The pigs are arguing among themselves. Not much change there, then. Perhaps Friday will see a loud spat or, perhaps, it will all be smoothed over.
Either way, there won't be any significant change for working people.
The trough will still be full of pig snouts and it is of little relevance to us which pig gets the bigger portion.
And it's almost unbelievable that this quarrel over shares of the swill can be advanced as evidence of some kind of "democratic" control over the City's excesses.
It's really just an argument between shareholders and company executives as to who gets the biggest slice of the action and, no matter who wins, it's the company's workers who lose.
While inflation has been steadily climbing and wages have been pegged back over the period of the crisis - let's keep in in mind that it was the banking industry that caused the crisis in the first place - the argument between shareholders and top executives has been gaining pace.
Remember as well that a huge number of shareholders in most publicly quoted companies have never contributed a brass farthing to the company's welfare.

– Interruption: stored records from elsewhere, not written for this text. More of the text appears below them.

lemma plane_rotation_apply_a:
  assumes i: "i < m"
  shows "(\<Sum>j<m. plane_rotation m a b \<theta> i j * a j) = cos \<theta> * a i + sin \<theta> * b i"
proof -
  define A where "A = (\<lambda>j. (cos \<theta> - 1) * a j - sin \<theta> * b j)"
  define B where "B = (\<lambda>j. (cos \<theta> - 1) * b j + sin \<theta> * a j)"
  have "(\<Sum>j<m. plane_rotation m a b \<theta> i j * a j)
      = (\<Sum>j<m. idm m i j * a j + a i * (A j * a j) + b i * (B j * a j))"
    by (rule sum.cong) (use i in \<open>auto simp: plane_rotation_altdef A_def B_def algebra_simps\<close>)
  also have "\<dots> = (\<Sum>j<m. idm m i j * a j) + a i * (\<Sum>j<m. A j * a j) + b i * (\<Sum>j<m. B j * a j)"
    by (simp add: sum.distrib sum_distrib_left)
  also have "(\<Sum>j<m. idm m i j * a j) = a i"
  proof -
    have "(\<Sum>j<m. idm m i j * a j) = (\<Sum>j<m. if j = i then a i else 0)"
      by (rule sum.cong) (auto simp: idm_def)
    then show ?thesis using i by simp
  qed
  also have "(\<Sum>j<m. A j * a j) = (cos \<theta> - 1) * (\<Sum>j<m. a j * a j) - sin \<theta> * (\<Sum>j<m. b j * a j)"
    by (simp add: A_def left_diff_distrib sum_subtractf sum_distrib_left mult.assoc)
  also have "(\<Sum>j<m. B j * a j) = (cos \<theta> - 1) * (\<Sum>j<m. b j * a j) + sin \<theta> * (\<Sum>j<m. a j * a j)"
    by (simp add: B_def distrib_right sum.distrib sum_distrib_left mult.assoc)
  finally show ?thesis by (simp add: aa ab ba algebra_simps)
qed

They have just bought shares from other shareholders who bought them in their turn from previous shareholders and so on, ad nauseam.
The idea of "returning value" to the shareholders is so much poppycock. It's just another term for continuous asset-stripping.
And when Mr Diamond, in company with other top earners in his bank - as well as in almost all big enterprises - gets as perks some millions of company shares as part of his bonus, well he just can't lose, can he?
But that's not true for the rest of us, including the rank-and-file workers at Barclays itself.
While the porkers wallow, we just have to sit there and watch them. Or do we?